# Downloading GPT2 (Generative pre-trained transformer) from Open-AI

### Install the transformer library 

In [3]:
! pip install transformers

huggingface/tokenizers: The current process just got forked, after parallelism has already been used. Disabling parallelism to avoid deadlocks...
	- Avoid using `tokenizers` before the fork if possible
	- Explicitly set the environment variable TOKENIZERS_PARALLELISM=(true | false)




### Load GPT-2

This loads the GPT-2 model and tokenizer, in the base version. 
If you want you can specify other variants like: 
"gpt2-medium", "gpt2-large", "gpt2-xl"

- Tokenizer: Converts raw text into tokens (numbers), so the model can process it. 

- LMHeadModel: The GPT-2 model architecture that generates text (predicts the next token based on previous tokens).


In [4]:
from transformers import GPT2Tokenizer, GPT2LMHeadModel

# Load the tokenizer
tokenizer = GPT2Tokenizer.from_pretrained("gpt2")

# Load the model
model = GPT2LMHeadModel.from_pretrained("gpt2")

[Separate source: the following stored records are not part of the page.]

(* In the setting described in the context, the algorithm MCF/OD is optimal: if it returns a solution, then that solution has the lowest possible cost, i.e. the sum over all commodities of the cost of the longest routing allowed for that commodity is minimal among all conflict-tree nodes whose restricted MCF solution satisfies the influx limit $\theta_m$ at every intermediate vertex $m$.
   Context: Setting (inter-cell routing). $\mathcal{G}_p=(V_p,E_p)$ is a directed graph whose vertices are "cells"; each edge $e_{ml}\in E_p$ (from $m$ to $l$) has a positive weight, and the cost of a path is the sum of its edge weights. A commodity $c_{sg}\in\mathcal{C}=\{c_1,\dots,c_O\}$ is a group of $|c_{sg}|$ robots that all start at vertex $s$ and have goal vertex $g$. A flow assigns to each commodity $c_{sg}$ and edge $e_{ml}$ an integer $y_{sgml}\in[0,|c_{sg}|]$ satisfying flow conservation: for every vertex $l$, $\sum_{e_{ml}\in E_p} y_{sgml}-\sum_{e_{ln}\in E_p} y_{sgln}$ equals $|c_{sg}|$ if $l=g$, $-|c_{sg}|$ if $l=s$, and $0$ otherwise. The influx of a vertex $l$ is $\sum_{c_{sg}\in\mathcal{C}}\sum_{e_{ml}\in E_p} y_{sgml}$; influx limits $\theta_m$ are imposed at intermediate vertices (not the start or goal of the commodities concerned). A suboptimality bound $w_{\mathrm{mcf}}\ge1$ is given. Given, for each commodity, a set $SP_{sg}$ of allowed $s$–$g$ paths, the restricted MCF problem is the integer linear program: minimize $\alpha\sum_{c_{sg}}\mathcal{L}_{sg}+\beta\mathcal{L}_{in}$ (with $\beta\gg\alpha>0$) subject to flow conservation, $\mathcal{L}_{sg}\ge y_{sgml}$ for all edges and commodities, $\mathcal{L}_{in}\ge$ the influx of every intermediate vertex, $y_{sgml}\in[0,|c_{sg}|]$ for edges on a path of $SP_{sg}$, and $y_{sgml}=0$ otherwise. Algorithm MCF/OD (best-first search on a conflict tree). Each tree node stores a vector of counts $k_o\ge1$ ($o=1,\dots,O$), a set of allowed paths for each commodity (its $1$st through $k_o$-th shortest simple $s$–$g$ paths), a cost equal to the sum over commodities of the largest cost among that commodity's allowed paths, and a solution of the restricted MCF problem with these allowed paths. The root has all counts $1$. Repeatedly pop the OPEN node $P$ of lowest cost; compute the set $CS$ of intermediate vertices whose influx under $P$'s solution exceeds $\theta_m$; if $CS$ is empty, return $P$'s solution. Otherwise, for every commodity $c_o$ whose flow passes through a vertex of $CS$, create a child $A$ whose count vector is that of $P$ with $k_o$ increased by $1$ (skip if already visited), add the $k_o$-th shortest path $p_k$ of $c_o$ to its allowed paths; if the cost of $p_k$ is at most $w_{\mathrm{mcf}}$ times the cost of $c_o$'s shortest path, update $A$'s cost, solve the restricted MCF problem for $A$, and insert $A$ into OPEN if feasible. *)

theory Defs
  imports Complex_Main
begin

text \<open>Commodities are indexed by 0, ..., ncom - 1.  Edges are pairs (m, l) meaning the
  directed edge from m to l.  A flow is a function y with y c e = y_{s g m l} for the
  commodity with index c and edge e = (m, l).\<close>

record 'v mcf_inst =
  verts  :: "'v set"
  edges  :: "('v \<times> 'v) set"
  wt     :: "'v \<times> 'v \<Rightarrow> real"
  ncom   :: nat
  src    :: "nat \<Rightarrow> 'v"
  dst    :: "nat \<Rightarrow> 'v"
  csize  :: "nat \<Rightarrow> nat"
  theta  :: "'v \<Rightarrow> real"
  alpha  :: real
  beta   :: real
  wmcf   :: real

type_synonym 'v flowv = "nat \<Rightarrow> ('v \<times> 'v) \<Rightarrow> nat"
type_synonym counts = "nat \<Rightarrow> nat"

definition wf_inst :: "'v mcf_inst \<Rightarrow> bool" where
  "wf_inst I \<longleftrightarrow> finite (verts I) \<and> edges I \<subseteq> verts I \<times> verts I
     \<and> (\<forall>e\<in>edges I. wt I e > 0)
     \<and> (\<forall>c<ncom I. src I c \<in> verts I \<and> dst I c \<in> verts I \<and> src I c \<noteq> dst I c
                     \<and> csize I c > 0)
     \<and> 0 < alpha I \<and> alpha I < beta I \<and> wmcf I \<ge> 1"

definition path_edges :: "'v list \<Rightarrow> ('v \<times> 'v) set" where
  "path_edges p = set (zip p (tl p))"

definition path_cost :: "'v mcf_inst \<Rightarrow> 'v list \<Rightarrow> real" where
  "path_cost I p = sum_list (map (wt I) (zip p (tl p)))"

definition simple_sg_path :: "'v mcf_inst \<Rightarrow> nat \<Rightarrow> 'v list \<Rightarrow> bool" where
  "simple_sg_path I c p \<longleftrightarrow> p \<noteq> [] \<and> hd p = src I c \<and> last p = dst I c \<and> distinct p
     \<and> path_edges p \<subseteq> edges I"

definition npaths :: "'v mcf_inst \<Rightarrow> nat \<Rightarrow> nat" where
  "npaths I c = card {p. simple_sg_path I c p}"

text \<open>ksp o k is the k-th shortest simple s-g path of commodity o (k = 1, 2, ...):
  an enumeration of all simple s-g paths in nondecreasing order of cost
  (ties broken arbitrarily).\<close>
definition is_ksp :: "'v mcf_inst \<Rightarrow> (nat \<Rightarrow> nat \<Rightarrow> 'v list) \<Rightarrow> bool" where
  "is_ksp I ksp \<longleftrightarrow> (\<forall>c<ncom I.
      bij_betw (ksp c) {1..npaths I c} {p. simple_sg_path I c p}
    \<and> (\<forall>i j. 1 \<le> i \<longrightarrow> i \<le> j \<longrightarrow> j \<le> npaths I c \<longrightarrow>
              path_cost I (ksp c i) \<le> path_cost I (ksp c j)))"

definition allowed_paths :: "(nat \<Rightarrow> nat \<Rightarrow> 'v list) \<Rightarrow> counts \<Rightarrow> nat \<Rightarrow> 'v list set" where
  "allowed_paths ksp k c = ksp c ` {1..k c}"

definition allowed_edges :: "(nat \<Rightarrow> nat \<Rightarrow> 'v list) \<Rightarrow> counts \<Rightarrow> nat \<Rightarrow> ('v \<times> 'v) set" where
  "allowed_edges ksp k c = (\<Union>p\<in>allowed_paths ksp k c. path_edges p)"

definition inflow :: "'v mcf_inst \<Rightarrow> 'v flowv \<Rightarrow> nat \<Rightarrow> 'v \<Rightarrow> nat" where
  "inflow I y c l = (\<Sum>e\<in>{e\<in>edges I. snd e = l}. y c e)"

definition outflow :: "'v mcf_inst \<Rightarrow> 'v flowv \<Rightarrow> nat \<Rightarrow> 'v \<Rightarrow> nat" where
  "outflow I y c l = (\<Sum>e\<in>{e\<in>edges I. fst e = l}. y c e)"

definition influx :: "'v mcf_inst \<Rightarrow> 'v flowv \<Rightarrow> 'v \<Rightarrow> nat" where
  "influx I y l = (\<Sum>c<ncom I. inflow I y c l)"

definition intermediate :: "'v mcf_inst \<Rightarrow> 'v set" where
  "intermediate I = verts I - (src I ` {..<ncom I} \<union> dst I ` {..<ncom I})"

definition flow_conservation :: "'v mcf_inst \<Rightarrow> 'v flowv \<Rightarrow> bool" where
  "flow_conservation I y \<longleftrightarrow> (\<forall>c<ncom I. \<forall>l\<in>verts I.
     int (inflow I y c l) - int (outflow I y c l) =
       (if l = dst I c then int (csize I c)
        else if l = src I c then - int (csize I c) else 0))"

text \<open>Constraints of the restricted MCF integer linear program for the allowed path sets
  given by the count vector k; L c plays the role of L_{sg} and Lin of L_{in}.\<close>
definition rmcf_feasible ::
  "'v mcf_inst \<Rightarrow> (nat \<Rightarrow> nat \<Rightarrow> 'v list) \<Rightarrow> counts \<Rightarrow> 'v flowv \<Rightarrow> (nat \<Rightarrow> real) \<Rightarrow> real \<Rightarrow> bool"
  where
  "rmcf_feasible I ksp k y L Lin \<longleftrightarrow>
     flow_conservation I y
   \<and> (\<forall>c<ncom I. \<forall>e. y c e \<le> csize I c)
   \<and> (\<forall>c<ncom I. \<forall>e. e \<notin> edges I \<inter> allowed_edges ksp k c \<longrightarrow> y c e = 0)
   \<and> (\<forall>c<ncom I. \<forall>e\<in>edges I. L c \<ge> real (y c e))
   \<and> (\<forall>m\<in>intermediate I. Lin \<ge> real (influx I y m))"

definition rmcf_objective :: "'v mcf_inst \<Rightarrow> (nat \<Rightarrow> real) \<Rightarrow> real \<Rightarrow> real" where
  "rmcf_objective I L Lin = alpha I * (\<Sum>c<ncom I. L c) + beta I * Lin"

definition rmcf_has_solution :: "'v mcf_inst \<Rightarrow> (nat \<Rightarrow> nat \<Rightarrow> 'v list) \<Rightarrow> counts \<Rightarrow> bool" where
  "rmcf_has_solution I ksp k \<longleftrightarrow> (\<exists>y L Lin. rmcf_feasible I ksp k y L Lin)"

definition rmcf_optimal :: "'v mcf_inst \<Rightarrow> (nat \<Rightarrow> nat \<Rightarrow> 'v list) \<Rightarrow> counts \<Rightarrow> 'v flowv \<Rightarrow> bool" where
  "rmcf_optimal I ksp k y \<longleftrightarrow> (\<exists>L Lin. rmcf_feasible I ksp k y L Lin \<and>
      (\<forall>y' L' Lin'. rmcf_feasible I ksp k y' L' Lin' \<longrightarrow>
          rmcf_objective I L Lin \<le> rmcf_objective I L' Lin'))"

definition valid_counts :: "'v mcf_inst \<Rightarrow> counts \<Rightarrow> bool" where
  "valid_counts I k \<longleftrightarrow> (\<forall>c<ncom I. 1 \<le> k c \<and> k c \<le> npaths I c)"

### Use the model (Example: Text Generation)

Here we're using a pre-trained language model (GPT-2) to generate text. 
Think of this model as a super advanced autocomplete that can write full sentences or paragraphs based on an input prompt (in this case, "Hello"). 

In [None]:
# Import PyTorch (needed because GPT-2 works with tensors, which are multi-dimensional arrays)
import torch

# Give a model a starting point
input_text = "Hello"
# Transformers don't read text, they read numbers!! 
# Tokenizer (here we set it up) breaks down your text into smaller pieces and maps each of them into a number (token ID)
# return_tensors='pt' tells the tokenizer to return a PyTorch tensor (not just a list), because that's what the model expects.
# After this line, input_ids holds a tensor like: tensor([[15496]]) — which is the ID for "Hello".
input_ids = tokenizer.encode(input_text, return_tensors='pt')

# Attention mask setup (for padding)
# Tells the model which tokens it should pay attention to. 1 means "use this token". 
attention_mask = torch.ones(input_ids.shape, dtype=torch.long)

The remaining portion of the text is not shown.